Puxei o fecho do casaco para cima, mas nem mesmo assim deixei de sentir o frio a percorrer-me o corpo todo. Mas senti que estava alguém perto fora do normal. Alguém não-humano. Algum vampyro talvez? Tendo em conta os recentes acontecimentos, nada mais me poderia surpreender. A minha vida era meramente monótona. Nada de interessante havia nela. Andava sempre isolada de tudo e todos para meu próprio bem. Calada para nunca ter de me meter em sarilhos ou com o medo de ser magoada por alguém.

Andava tão perdida nos meus pensamentos que até esbarrei contra alguém. Por sorte, não caí senão seria uma vergonha tremenda. Não levantei a cara para pedir desculpas, mas senti uma mão a segurar-me o braço, como se estivesse a ajudar-me. Num sussurro benevolente pude ouvir “Desculpa. Fui um bocado descuidado”. Apesar de a sua voz soar como uma doce melodia de inverno, não pude deixar de notar de onde viera. Pertencia a um rapaz, de certeza. Não quis criar complicações por isso ajeitei-me e voltei a seguir o caminho para o motel.

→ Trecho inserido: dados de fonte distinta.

lemma procedure_insertion_step:
  assumes "length (fst (procedure L n)) = n" "set (fst (procedure L n)) = {1..n}"
    and "sorted_wrt (\<lambda>x y. mstar L x \<le> mstar L y) (fst (procedure L n))"
  obtains a b where "a @ b = fst (procedure L n)" "fst (procedure L (Suc n)) = a @ Suc n # b"
    "mstar L (Suc n) = mchk L (a @ Suc n # b) (length a)"
    "\<forall>x\<in>set a. mstar L x < mstar L (Suc n)" "\<forall>x\<in>set b. mstar L (Suc n) \<le> mstar L x"
proof -
  define ord where "ord = fst (procedure L n)"
  define ms where "ms = snd (procedure L n)"
  have ms: "ms x = mstar L x" if "x \<in> set ord" for x
    using that assms(2) snd_procedure_eq_mstar unfolding ms_def ord_def by auto
  have "sorted_wrt (\<lambda>x y. ms x \<le> ms y) ord"
    using assms(3) unfolding ord_def by (rule sorted_wrt_mono_rel[rotated]) (simp add: ms ord_def)
  then obtain a b where ab: "a @ b = ord"
      "insert_loop L ms (ord @ [Suc n]) n = (a @ Suc n # b, mchk L (a @ Suc n # b) (length a))"
      "\<forall>x\<in>set a. ms x < mchk L (a @ Suc n # b) (length a)"
      "\<forall>x\<in>set b. mchk L (a @ Suc n # b) (length a) \<le> ms x"
    using insert_loop_result[of ms ord "[]" L "Suc n"] assms(1) unfolding ord_def by auto
  have "fst (procedure L (Suc n)) = a @ Suc n # b"
    "mstar L (Suc n) = mchk L (a @ Suc n # b) (length a)"
    using ab(2) by (simp_all add: mstar_def procedure_Suc ord_def ms_def)
  moreover have "\<forall>x\<in>set a. mstar L x < mchk L (a @ Suc n # b) (length a)"
    "\<forall>x\<in>set b. mchk L (a @ Suc n # b) (length a) \<le> mstar L x"
    using ab ms by auto
  ultimately show ?thesis
    using ab(1) that unfolding ord_def by auto
qed
(* if row a has a positive entry in column c, every other row k has a positive entry
   outside column c: otherwise the column c would sum to more than r *)
lemma positive_entry_off_column:
  assumes v: "v \<in> verts n r" and r: "r \<ge> 1"
    and "a < n" "k < n" "c < n" "a \<noteq> k" "0 < v a c"
  shows "\<exists>d<n. d \<noteq> c \<and> 0 < v k d"
proof (rule ccontr)
  assume "\<not> ?thesis"
  hence "v k c = r" using sole_entry_of_row[OF v \<open>k < n\<close> \<open>c < n\<close>] by auto
  moreover have "v a c + v k c \<le> r"
    using two_entries_le_line_sum[of "{..<n}" a k "\<lambda>x. v x c"] assms by (simp add: verts_def)
  ultimately show False using \<open>0 < v a c\<close> by simp
qed

lemma positive_entry_in_row:
  assumes v: "v \<in> verts n r" and r: "r \<ge> 1" and "a < n"
  shows "\<exists>b<n. 0 < v a b"
proof (rule ccontr)
  assume "\<not> ?thesis"
  hence "(\<Sum>j<n. v a j) = 0" by simp
  moreover have "(\<Sum>j<n. v a j) = r" using v \<open>a < n\<close> by (simp add: verts_def)
  ultimately show False using r by linarith
qed

lemma card_row_pairs: "card (row_pairs n) = n choose 2"
  unfolding row_pairs_def using n_subsets[of "{..<n}" 2] by simp

lemma finite_row_pairs: "finite (row_pairs n)"
  unfolding row_pairs_def by (rule finite_subset[of _ "Pow {..<n}"]) auto

lemma card_row_pairs_containing:
  assumes "i < n"
  shows "card {B \<in> row_pairs n. i \<in> B} = n - 1"
proof -
  have "{B \<in> row_pairs n. i \<in> B} = (\<lambda>k. {i, k}) ` ({..<n} - {i})"
  proof (intro set_eqI iffI)
    fix B assume "B \<in> {B \<in> row_pairs n. i \<in> B}"
    then obtain x y where "B = {x, y}" "x \<noteq> y" "B \<subseteq> {..<n}" "i \<in> B"
      unfolding row_pairs_def card_2_iff by blast
    thus "B \<in> (\<lambda>k. {i, k}) ` ({..<n} - {i})" by (auto simp: insert_commute)
  next
    fix B assume "B \<in> (\<lambda>k. {i, k}) ` ({..<n} - {i})"
    then obtain k where "B = {i, k}" "k < n" "k \<noteq> i" by blast
    thus "B \<in> {B \<in> row_pairs n. i \<in> B}" using assms by (auto simp: row_pairs_def)
  qed
  moreover have "inj_on (\<lambda>k. {i, k}) ({..<n} - {i})"
    by (auto simp: inj_on_def doubleton_eq_iff)
  ultimately show ?thesis using assms by (simp add: card_image)
qed

lemma deg_eq_sum_row_classes:
  assumes v: "v \<in> verts n r"
  shows "deg n r v = (\<Sum>B\<in>row_pairs n. card (row_class n r v B))"
proof -
  have rows: "changed_rows v ` nbrs n r v \<subseteq> row_pairs n"
  proof
    fix B assume "B \<in> changed_rows v ` nbrs n r v"
    then obtain u where u: "u \<in> nbrs n r v" and B: "B = changed_rows v u" by blast
    from u obtain a b c d where sw: "valid_swap n v a b c d" "u = swap_at v a b c d"
      by (rule nbrs_are_swaps)
    hence "B = {a, c}" using B changed_rows_swap_at by simp
    thus "B \<in> row_pairs n" using sw(1) unfolding row_pairs_def valid_swap_def by auto
  qed
  have "deg n r v = (\<Sum>u\<in>nbrs n r v. 1)" by (simp add: deg_def nbrs_def)
  also have "\<dots> = (\<Sum>B\<in>row_pairs n. \<Sum>u\<in>row_class n r v B. 1)"
    unfolding row_class_def using sum.group[OF finite_nbrs finite_row_pairs rows, of "\<lambda>_. 1::nat"]
    by simp
  finally show ?thesis by simp
qed
(* For every odd integer $k\ge 5$, the graph $F_1(k)$ is word-representable.
   Context: For odd $k\ge5$, $F_1(k)$ is the split graph with clique $C=\{c_1,\dots,c_{k-1}\}$ and independent set $I=\{b_1,b_2,a_1,\dots,a_{k-2}\}$, where $N(b_1)=\{c_1,\dots,c_{k-2}\}$, $N(b_2)=\{c_2,\dots,c_{k-1}\}$, and $N(a_i)=\{c_i,c_{i+1}\}$ for $1\le i\le k-2$. A graph $G=(V,E)$ is word-representable if there is a word $w$ over $V$ such that for all distinct $a,b\in V$, $ab\in E$ iff $a$ and $b$ alternate in $w$ (i.e. the subsequence of $w$ formed by all occurrences of $a$ and $b$ is $abab\cdots$ or $baba\cdots$). *)

theory Defs
  imports Main
begin

text \<open>Simple graphs given by a vertex set and an edge predicate (assumed symmetric).\<close>

definition alternate_in :: "'a list \<Rightarrow> 'a \<Rightarrow> 'a \<Rightarrow> bool" where
  "alternate_in w a b \<longleftrightarrow>
     (let s = filter (\<lambda>x. x = a \<or> x = b) w
      in \<forall>i. Suc i < length s \<longrightarrow> s ! i \<noteq> s ! Suc i)"

definition word_represents :: "'a list \<Rightarrow> 'a set \<Rightarrow> ('a \<Rightarrow> 'a \<Rightarrow> bool) \<Rightarrow> bool" where
  "word_represents w V E \<longleftrightarrow> set w = V \<and>
     (\<forall>a\<in>V. \<forall>b\<in>V. a \<noteq> b \<longrightarrow> (E a b \<longleftrightarrow> alternate_in w a b))"

definition word_representable :: "'a set \<Rightarrow> ('a \<Rightarrow> 'a \<Rightarrow> bool) \<Rightarrow> bool" where
  "word_representable V E \<longleftrightarrow> (\<exists>w. word_represents w V E)"

text \<open>Vertices of F_1(k): clique vertices c_i, independent vertices b_1, b_2, a_i.\<close>
datatype fvert = C nat | B1 | B2 | A nat

definition F1_vertices :: "nat \<Rightarrow> fvert set" where
  "F1_vertices k = C ` {1..k-1} \<union> {B1, B2} \<union> A ` {1..k-2}"

fun F1_adj :: "nat \<Rightarrow> fvert \<Rightarrow> fvert \<Rightarrow> bool" where
  "F1_adj k (C i) (C j) = (i \<noteq> j)"
| "F1_adj k B1 (C j) = (1 \<le> j \<and> j \<le> k - 2)"
| "F1_adj k (C j) B1 = (1 \<le> j \<and> j \<le> k - 2)"
| "F1_adj k B2 (C j) = (2 \<le> j \<and> j \<le> k - 1)"
| "F1_adj k (C j) B2 = (2 \<le> j \<and> j \<le> k - 1)"
| "F1_adj k (A i) (C j) = (j = i \<or> j = i + 1)"
| "F1_adj k (C j) (A i) = (j = i \<or> j = i + 1)"
| "F1_adj k _ _ = False"

end

theory Submission
  imports Defs
begin

(* Write k = 2t + 3 and n = k - 2, and let B(i) = a_i c_i c_(i+1) a_i. The word

     B(1) B(3) ... B(2t-1)  a_n c_n b_1 c_(n+1) a_n c_1 b_2  B(2) B(4) ... B(2t)  c_(n+1) b_2 a_n

   represents F_1(k). Its clique letters read c_1 ... c_(k-1) c_1 ... c_(k-1), so any two of them
   alternate. Every c_l occurs exactly twice, so an independent letter x, occurring one to three
   times, alternates with c_l iff each gap between consecutive occurrences of x contains exactly
   one c_l (for a single occurrence: iff exactly one c_l precedes it); these gaps read off N(x).
   Any two independent letters fail to alternate because one of them repeats with no occurrence
   of the other in between. *)

lemma count_list_distinct: "distinct xs \<Longrightarrow> count_list xs x = (if x \<in> set xs then 1 else 0)"
  by (induction xs) auto

lemma count_list_filter: "P x \<Longrightarrow> count_list (filter P xs) x = count_list xs x"
  by (induction xs) auto

lemma alternate_in_iff_distinct_adj:
  "alternate_in w a b \<longleftrightarrow> distinct_adj (filter (\<lambda>x. x = a \<or> x = b) w)"
  by (simp add: alternate_in_def Let_def distinct_adj_conv_nth)

lemma alternate_in_commute: "alternate_in w a b \<longleftrightarrow> alternate_in w b a"
  unfolding alternate_in_iff_distinct_adj by (simp add: disj_commute)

Quando cheguei, entrei no meu quarto o mais rápido possível e deitei-me na minha cama, ainda a pensar no que havia acontecido durante o dia. O sono andava constantemente a trocar-me as voltas, como se estivesse a dizer-me que o dia e a noite haviam sido alterados, mudando a ordem inversa do tempo. Esperava que Nyx me ajudasse a encontrar um sítio ao qual pudesse chamar casa. Não seria mesmo possível para mim ter algo assim tão precioso. Admirava os seres mitológicos, mas não imaginava que um dia me poderia converter num deles.

Mas o passado já não podia ser alterado. Apenas tinha que viver em conformidade com a decisão de Nyx em ter-me marcado. Encostei a minha cabeça à almofada e adormeci perante o conforto que ela me proporcionava, a pensar no que na minha vida poderia ser mudado: no presente ou no futuro. Mas o meu nome permanecia incógnito. E esse nome era Scarlett Parker.